La revue de Monteiro et al. [205] résume bien la tendance actuelle de la relation entre le NSE et l’obésité dans les PED. Ces auteurs ont en effet rapporté trois éléments principaux : 1) l'obésité dans les PED ne peut plus être considérée uniquement comme une affection des individus de NSE élevé; 2) dans chaque PED, la charge de l'obésité tend à se transposer aux groupes de faible NSE à mesure que le produit national brut (PNB) du pays augmente; 3) la transposition de l'obésité aux femmes de faible NSE se produit apparemment à un stade plus précoce du développement économique que chez les hommes. Le premier point soulevé pourrait aussi se référer à l’obésité de la pauvreté, qui serait surtout présente en milieu urbain pauvre où les produits à forte densité énergétique sont disponibles à moindre coût [40, 220-222]. Cette obésité liée à la pauvreté augmenterait avec l’augmentation du PNB, ce qui traduit bien un stade plus avancé de transition nutritionnelle dans lequel les pauvres ont un double fardeau nutritionnel (obésité et carences nutritionnelles par exemple) [14], alors que les classes plus aisées se dotent des moyens de prévention [35]. Toutefois, ces observations seraient plus appropriées pour les PED à revenu intermédiaire comme la Chine, l’Inde, le Brésil, le Mexique. Dans les pays à faible revenu, bien que l’obésité soit aussi présente en milieu urbain pauvre comme rapportée au Bénin [20] et en Haïti [83], elle

est encore dominante dans les classes aisées et touche surtout les femmes [33, 84]. Cette situation est aussi observée dans d’autres pays à faible revenu, notamment en Afrique sub-saharienne tel qu’au Cameroun [89, 223], en Gambie [31], en Tanzanie [224].
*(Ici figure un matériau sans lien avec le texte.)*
lemma dis_0:
  assumes "n \<ge> 2"
  shows "dis n 0 = 2 ^ n"
proof -
  define m where "m = (2::nat) ^ (n - 1)"
  have C: "gcar n = {0..<2 * m}" using gcar_eq[OF m_def] assms by simp
  have "{{u, v} | u v. u \<in> gcar n \<and> v \<in> gcar n \<and> pdist n u v = 0} = (\<lambda>u. {u}) ` gcar n"
  proof (intro equalityI subsetI)
    fix B assume "B \<in> {{u, v} | u v. u \<in> gcar n \<and> v \<in> gcar n \<and> pdist n u v = 0}"
    then obtain u v where B: "B = {u, v}" "u \<in> gcar n" "v \<in> gcar n" "pdist n u v = 0" by blast
    then have "u = v" using pdist_eq[OF m_def assms, of u v] C by (simp split: if_splits)
    then show "B \<in> (\<lambda>u. {u}) ` gcar n" using B by simp
  next
    fix B assume "B \<in> (\<lambda>u. {u}) ` gcar n"
    then obtain u where "B = {u, u}" "u \<in> gcar n" by auto
    then show "B \<in> {{u, v} | u v. u \<in> gcar n \<and> v \<in> gcar n \<and> pdist n u v = 0}"
      using pdist_self by blast
  qed
  then show ?thesis by (simp add: dis_def card_image gcar_def)
qed

lemma doubleton_in_cross_image: "t \<in> T \<Longrightarrow> u \<in> U \<Longrightarrow> {t, u} \<in> (\<lambda>(t, u). {t, u}) ` (T \<times> U)"
  by (rule rev_image_eqI[of "(t, u)"]) auto

lemma pdist_1_iff:
  assumes "m = 2 ^ (n - 1)" "n \<ge> 2" "u < 2 * m" "v < 2 * m"
  shows "pdist n u v = 1 \<longleftrightarrow> padj n u v"
  using pdist_eq[OF assms] padj_irrefl by (cases "u = v") simp_all

lemma pdist_2_iff:
  assumes "m = 2 ^ (n - 1)" "n \<ge> 2" "u < 2 * m" "v < 2 * m"
  shows "pdist n u v = 2 \<longleftrightarrow> u \<noteq> v \<and> \<not> padj n u v"
  using pdist_eq[OF assms] by simp

lemma pairs_at_distance_1:
  assumes "m = 2 ^ (n - 1)" "n \<ge> 2"
  shows "{{u, v} | u v. u \<in> gcar n \<and> v \<in> gcar n \<and> pdist n u v = 1} =
    {B. B \<subseteq> {0..<m} \<and> card B = 2} \<union> (\<lambda>(t, u). {t, u}) ` ({0} \<times> {m..<2 * m})"
    (is "?pairs = ?within \<union> ?cross")
proof (intro equalityI subsetI)
  have C: "gcar n = {0..<2 * m}" using gcar_eq[OF assms(1)] assms(2) by simp
  fix B assume "B \<in> ?pairs"
  then obtain u v where B: "B = {u, v}" "u < 2 * m" "v < 2 * m" "padj n u v"
    unfolding C using pdist_1_iff[OF assms] by auto
  then have "u \<noteq> v" "(u < m \<and> v < m) \<or> (u = 0 \<and> m \<le> v) \<or> (v = 0 \<and> m \<le> u)"
    unfolding padj_iff[OF assms] by simp_all
  then consider "u \<noteq> v" "u < m" "v < m" | "B = {0, v}" "m \<le> v" "v < 2 * m"
    | "B = {0, u}" "m \<le> u" "u < 2 * m"
    using B(1-3) by auto
  then show "B \<in> ?within \<union> ?cross"
    by cases (use B(1) doubleton_in_cross_image in auto)
next
  have "m > 0" using assms(1) by simp
  fix B assume "B \<in> ?within \<union> ?cross"
  then consider (within) "B \<subseteq> {0..<m}" "card B = 2" | (cross) h where "B = {0, h}" "m \<le> h" "h < 2 * m"
    by auto
  then obtain u v where uv: "B = {u, v}" "u < 2 * m" "v < 2 * m" "padj n u v"
  proof cases
    case within
    then obtain u v where "B = {u, v}" "u \<noteq> v" "u < m" "v < m" by (auto simp: card_2_iff)
    then show ?thesis using that[of u v] padj_iff[OF assms] by simp
  next
    case cross
    then show ?thesis using that[of 0 h] padj_iff[OF assms] \<open>m > 0\<close> by simp
  qed
  then have "u \<in> gcar n" "v \<in> gcar n" "pdist n u v = 1"
    using gcar_eq[OF assms(1)] assms(2) pdist_1_iff[OF assms] by simp_all
  then show "B \<in> ?pairs" using uv(1) by blast
qed

lemma pairs_at_distance_2:
  assumes "m = 2 ^ (n - 1)" "n \<ge> 2"
  shows "{{u, v} | u v. u \<in> gcar n \<and> v \<in> gcar n \<and> pdist n u v = 2} =
    {B. B \<subseteq> {m..<2 * m} \<and> card B = 2} \<union> (\<lambda>(t, u). {t, u}) ` ({m..<2 * m} \<times> {1..<m})"
    (is "?pairs = ?within \<union> ?cross")
proof (intro equalityI subsetI)
  have C: "gcar n = {0..<2 * m}" using gcar_eq[OF assms(1)] assms(2) by simp
  fix B assume "B \<in> ?pairs"
  then obtain u v where B: "B = {u, v}" "u < 2 * m" "v < 2 * m" "u \<noteq> v" "\<not> padj n u v"
    unfolding C using pdist_2_iff[OF assms] by auto
  then have "\<not> ((u < m \<and> v < m) \<or> (u = 0 \<and> m \<le> v) \<or> (v = 0 \<and> m \<le> u))"
    unfolding padj_iff[OF assms] by simp
  then consider "m \<le> u" "m \<le> v" | "B = {v, u}" "0 < u" "u < m" "m \<le> v"
    | "0 < v" "v < m" "m \<le> u"
    using B(1) by fastforce
  then show "B \<in> ?within \<union> ?cross"
    by cases (use B(1-4) doubleton_in_cross_image in auto)
next
  fix B assume "B \<in> ?within \<union> ?cross"
  then consider (within) "B \<subseteq> {m..<2 * m}" "card B = 2"
    | (cross) h p where "B = {h, p}" "m \<le> h" "h < 2 * m" "0 < p" "p < m"
    by auto
  then obtain u v where uv: "B = {u, v}" "u < 2 * m" "v < 2 * m" "u \<noteq> v" "\<not> padj n u v"
  proof cases
    case within
    then obtain u v where "B = {u, v}" "u \<noteq> v" "m \<le> u" "m \<le> v" "u < 2 * m" "v < 2 * m"
      by (auto simp: card_2_iff)
    then show ?thesis using that[of u v] padj_iff[OF assms] by simp
  next
    case cross
    then show ?thesis using that[of h p] padj_iff[OF assms] by simp
  qed
  then have "u \<in> gcar n" "v \<in> gcar n" "pdist n u v = 2"
    using gcar_eq[OF assms(1)] assms(2) pdist_2_iff[OF assms] by simp_all
  then show "B \<in> ?pairs" using uv(1) by blast
qed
La tendance à une amélioration de la santé et au moindre risque cardiovasculaire chez les individus de NSE élevé semble être observée dans les PED à revenu intermédiaire, où une proportion non négligeable de la population se situe au dernier stade de la transition nutritionnelle, lequel se caractérise par un mode de vie plus propice à la prévention des maladies chroniques [45]. En Chine par exemple, dans une étude auprès de 4000 adultes de 25 à 69 ans (1615 hommes et 1592 femmes) résidant dans la troisième ville du pays, Yu et al. [218] ont rapporté des niveaux plus élevés de facteurs de risque cardiovasculaires (tension artérielle, IMC, tabagisme) chez les individus de NSE faible; l’éducation était l’indicateur socioéconomique le plus sensible des quatre indicateurs considérés incluant le revenu, l’occupation et l’état matrimonial. Dans l’étude INTERSALT portant sur 52 sites de 32 pays développés comme en développement (n = 10079 adultes), Stamler et al. [225] ont rapporté une association inverse entre l’hypertension et l’éducation dans 28 centres chez les hommes et 38 chez les femmes, ce qui va dans le même sens que les observations faites en Chine [218]. On peut donc en déduire que, malgré des résultats discordants dans certaines études, la tendance globale serait à un moindre taux d’hypertension avec un revenu ou un NSE plus important.